Prossie community gets involved in recovery effort

13th April 2017 5:42 PM
Proserpine Lions president Tim McBride with Alex Fitzpartick from the Grand Central Hotel, Jodie Ferdinand and local Proserpine SES controller Mark Connors at the Grand Central Hotel. Proserpine Lions president Tim McBride with Alex Fitzpartick from the Grand Central Hotel, Jodie Ferdinand and local Proserpine SES controller Mark Connors at the Grand Central Hotel. Peter Carruthers

THE Proserpine community stands defiant in the face of the adversity inflicted by Cyclone Debbie.

And the crew at the Grand Central Hotel are no exception.

Earlier this week a sausage sizzle held by punters at the pub raised $600 which is to be donated to the community.

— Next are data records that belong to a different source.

(* Let $L$ be a finite lattice, $a\in L$, and $\varphi\in M_1(L)$. Then $\Lambda_a\varphi\in M_1(L)$, where $\Lambda_a\varphi(x)=\varphi(x)-\lambda(\varphi;a,x)$ for $x\in L$.
   Context: $L$ is a finite lattice with join $\vee$. $M_1(L)$ is the set of nonnegative monotone real functions on $L$. A path from $a$ to $b$ in $L$ is a sequence $H=(h_0,\dots,h_m)$ of distinct elements of $L$ with $h_0=a$, $h_m=b$ ($m\ge0$), viewed as a tree with edges $\{h_{i-1},h_i\}$; for it $\varphi(H)=\sum_{i=0}^m\varphi(h_i)-\sum_{i=1}^m\varphi(h_{i-1}\vee h_i)$. $\lambda(\varphi;a,b)=\max\{\varphi(H): H\text{ a path from }a\text{ to }b\}$. *)

theory Defs
  imports Main "HOL.Real"
begin

definition M1 :: "('a::lattice \<Rightarrow> real) \<Rightarrow> bool" where
  "M1 \<phi> \<longleftrightarrow> (\<forall>x. 0 \<le> \<phi> x) \<and> mono \<phi>"

definition is_path :: "'a list \<Rightarrow> 'a \<Rightarrow> 'a \<Rightarrow> bool" where
  "is_path H a b \<longleftrightarrow> H \<noteq> [] \<and> distinct H \<and> hd H = a \<and> last H = b"

definition path_val :: "('a::lattice \<Rightarrow> real) \<Rightarrow> 'a list \<Rightarrow> real" where
  "path_val \<phi> H = (\<Sum>i<length H. \<phi> (H ! i))
                    - (\<Sum>i\<in>{1..<length H}. \<phi> (sup (H ! (i - 1)) (H ! i)))"

definition lam :: "('a::{finite,lattice} \<Rightarrow> real) \<Rightarrow> 'a \<Rightarrow> 'a \<Rightarrow> real" where
  "lam \<phi> a b = Max (path_val \<phi> ` {H. is_path H a b})"

definition Lambda :: "'a::{finite,lattice} \<Rightarrow> ('a \<Rightarrow> real) \<Rightarrow> 'a \<Rightarrow> real" where
  "Lambda a \<phi> x = \<phi> x - lam \<phi> a x"

end

theory Submission
  imports Defs
begin

text \<open>
  For monotone \<open>\<phi>\<close> every path value is at most \<open>\<phi>\<close> of its endpoint, since each vertex is
  cancelled by the join that follows it; this gives \<open>\<Lambda>\<^sub>a\<phi> \<ge> 0\<close>.  For \<open>x \<le> y\<close>, an optimal path
  to \<open>y\<close> becomes a path to \<open>x\<close> either by cutting it at \<open>x\<close> (the discarded tail is worth at most
  \<open>\<phi> y\<close>) or by appending \<open>x\<close> (the new join is \<open>y \<squnion> x = y\<close>), so \<open>\<lambda>(\<phi>;a,y) - \<phi> y \<le> \<lambda>(\<phi>;a,x) - \<phi> x\<close>.
\<close>

fun path_weight :: "('a::semilattice_sup \<Rightarrow> real) \<Rightarrow> 'a list \<Rightarrow> real" where
  "path_weight f [] = 0"
| "path_weight f [x] = f x"
| "path_weight f (x # y # t) = f x - f (sup x y) + path_weight f (y # t)"

lemma path_val_eq_path_weight: "path_val f H = path_weight f H"
proof (induction f H rule: path_weight.induct)
  case (1 f) then show ?case by (simp add: path_val_def)
next
  case (2 f x) then show ?case by (simp add: path_val_def)
next
  case (3 f x y t)
  have vertices: "(\<Sum>i<length (x#y#t). f ((x#y#t) ! i)) = f x + (\<Sum>i<length (y#t). f ((y#t) ! i))"
    by (simp only: length_Cons sum.lessThan_Suc_shift) simp
  have "(\<Sum>i\<in>{1..<length (x#y#t)}. f (sup ((x#y#t) ! (i - 1)) ((x#y#t) ! i)))
     = f (sup x y) + (\<Sum>i\<in>{Suc 1..<Suc (length (y#t))}. f (sup ((x#y#t) ! (i - 1)) ((x#y#t) ! i)))"
    by (simp add: sum.atLeast_Suc_lessThan)
  also have "(\<Sum>i\<in>{Suc 1..<Suc (length (y#t))}. f (sup ((x#y#t) ! (i - 1)) ((x#y#t) ! i)))
     = (\<Sum>i\<in>{1..<length (y#t)}. f (sup ((x#y#t) ! (Suc i - 1)) ((x#y#t) ! Suc i)))"
    by (rule sum.shift_bounds_Suc_ivl)
  also have "\<dots> = (\<Sum>i\<in>{1..<length (y#t)}. f (sup ((y#t) ! (i - 1)) ((y#t) ! i)))"
    by (rule sum.cong) (auto simp: nth_Cons split: nat.splits)
  finally have joins: "(\<Sum>i\<in>{1..<length (x#y#t)}. f (sup ((x#y#t) ! (i - 1)) ((x#y#t) ! i)))
     = f (sup x y) + (\<Sum>i\<in>{1..<length (y#t)}. f (sup ((y#t) ! (i - 1)) ((y#t) ! i)))" .
  show ?case using 3 vertices joins by (simp only: path_val_def path_weight.simps)
qed

lemma path_weight_le_last:
  assumes "mono f" and "H \<noteq> []"
  shows "path_weight f H \<le> f (last H)"
  using assms
proof (induction f H rule: path_weight.induct)
  case (3 f x y t)
  have "f x \<le> f (sup x y)" using 3(2) by (simp add: monoD)
  with 3 show ?case by simp
qed auto

lemma path_weight_snoc:
  "H \<noteq> [] \<Longrightarrow> path_weight f (H @ [z]) = path_weight f H + f z - f (sup (last H) z)"
  by (induction f H rule: path_weight.induct) auto

lemma path_weight_append:
  "H1 \<noteq> [] \<Longrightarrow> H2 \<noteq> [] \<Longrightarrow>
   path_weight f (H1 @ H2) = path_weight f H1 + path_weight f (last H1 # H2) - f (last H1)"
  by (induction f H1 rule: path_weight.induct) auto

lemma finite_paths: "finite {H. is_path H (a::'a::finite) b}"
proof -
  have "{H. is_path H a b} \<subseteq> {xs. set xs \<subseteq> UNIV \<and> length xs \<le> card (UNIV::'a set)}"
    by (auto simp: is_path_def dest!: distinct_card[symmetric] intro!: card_mono[OF finite_UNIV])
  moreover have "finite {xs. set xs \<subseteq> (UNIV::'a set) \<and> length xs \<le> card (UNIV::'a set)}"
    by (rule finite_lists_length_le) simp
  ultimately show ?thesis by (rule finite_subset)
qed

lemma ex_path: "\<exists>H. is_path H a b"
proof (cases "a = b")
  case True then have "is_path [a] a b" by (simp add: is_path_def)
  then show ?thesis by blast
next
  case False then have "is_path [a, b] a b" by (simp add: is_path_def)
  then show ?thesis by blast
qed

lemma path_weight_le_lam: "is_path H a b \<Longrightarrow> path_weight f H \<le> lam f a b"
  unfolding lam_def path_val_eq_path_weight[abs_def]
  by (rule Max_ge) (auto intro: finite_paths)

lemma lam_attained:
  obtains H where "is_path H a b" "lam f a b = path_weight f H"
proof -
  have "lam f a b \<in> path_val f ` {H. is_path H a b}"
    unfolding lam_def by (rule Max_in) (use finite_paths ex_path in auto)
  then show ?thesis using that by (auto simp: path_val_eq_path_weight)
qed

lemma lam_le:
  assumes "mono \<phi>"
  shows "lam \<phi> a x \<le> \<phi> x"
proof -
  obtain H where H: "is_path H a x" "lam \<phi> a x = path_weight \<phi> H" by (rule lam_attained)
  then show ?thesis using path_weight_le_last[OF assms, of H] by (simp add: is_path_def)
qed

lemma path_to_lower:
  assumes "mono \<phi>" and "x \<le> y" and H: "is_path H a y"
  obtains H' where "is_path H' a x" "path_weight \<phi> H - \<phi> y + \<phi> x \<le> path_weight \<phi> H'"
proof (cases "x \<in> set H")
  case True
  then obtain H1 H2 where split: "H = H1 @ x # H2" by (meson split_list)
  have prefix: "is_path (H1 @ [x]) a x" using H split by (cases H1) (auto simp: is_path_def)
  show ?thesis
  proof (cases "H2 = []")
    case True
    then have "y = x" using H split by (simp add: is_path_def)
    then show ?thesis using that prefix split True by auto
  next
    case False
    have "path_weight \<phi> H = path_weight \<phi> (H1 @ [x]) + path_weight \<phi> (x # H2) - \<phi> x"
      using path_weight_append[of "H1 @ [x]" H2 \<phi>] False split by simp
    moreover have "path_weight \<phi> (x # H2) \<le> \<phi> y"
      using path_weight_le_last[OF assms(1), of "x # H2"] H split False by (simp add: is_path_def)
    ultimately show ?thesis using that prefix by auto
  qed
next
  case False
  have extended: "is_path (H @ [x]) a x" using H False by (auto simp: is_path_def)
  have "path_weight \<phi> (H @ [x]) = path_weight \<phi> H + \<phi> x - \<phi> (sup y x)"
    using path_weight_snoc[of H \<phi> x] H by (simp add: is_path_def)
  moreover have "sup y x = y" using \<open>x \<le> y\<close> by (simp add: sup_absorb1)
  ultimately show ?thesis using that extended by auto
qed

lemma Lambda_mono:
  assumes "mono \<phi>"
  shows "mono (Lambda a \<phi>)"
proof (rule monoI)
  fix x y :: 'a
  assume "x \<le> y"
  obtain H where H: "is_path H a y" "lam \<phi> a y = path_weight \<phi> H" by (rule lam_attained)
  obtain H' where "is_path H' a x" "path_weight \<phi> H - \<phi> y + \<phi> x \<le> path_weight \<phi> H'"
    using path_to_lower[OF assms \<open>x \<le> y\<close> H(1)] .
  with path_weight_le_lam[of H' a x \<phi>] H show "Lambda a \<phi> x \<le> Lambda a \<phi> y"
    by (simp add: Lambda_def)
qed

theorem lemma3p11:
  fixes a :: "'a::{finite,lattice}" and \<phi> :: "'a \<Rightarrow> real"
  assumes "M1 \<phi>"
  shows "M1 (Lambda a \<phi>)"
proof -
  have "mono \<phi>" using assms by (simp add: M1_def)
  then show ?thesis
    using lam_le[of \<phi> a] Lambda_mono[of \<phi> a] by (simp add: M1_def Lambda_def)
qed

end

Ben Ferdanand was the brains behind the fund-raiser, from which proceeds will be divided evenly between the Proserpine Lions and the Proserpine SES.

Ben and Jodie Ferdanand donated the sausages for the barbecue and felt it was a way of helping the community get back on their feet.

"We just tried to get a lot of locals in. It was a chance to get together after the cyclone and talk about things and then there was an idea to donate the money we raised,” Jodie said.

Proserpine SES controller Mark Connors said the money would be spent on equipment to benefit the community.

"We have got a list a mile long. The operation ran really well but at the same time you sit there and take a list of things that could make it better,” he said.

Likewise, Proserpine Lions president Tim McBride said during the next few months Lions would field requests from organisations around town that needed assistance as a result of the cyclone.

"The junior sporting complex or the rugby league club or the nursing home or whatever. That's where the dollars will go,” he said.

Mr Connors said it was really important for the healing process that locals be a part of the recovery effort in the wake of Cyclone Debbie.

"It's part of the recovery itself. To feel like they have done something,” he said.

"Particularly those who were not affected too badly who just feel a need to help the community. It's part of the healing process.”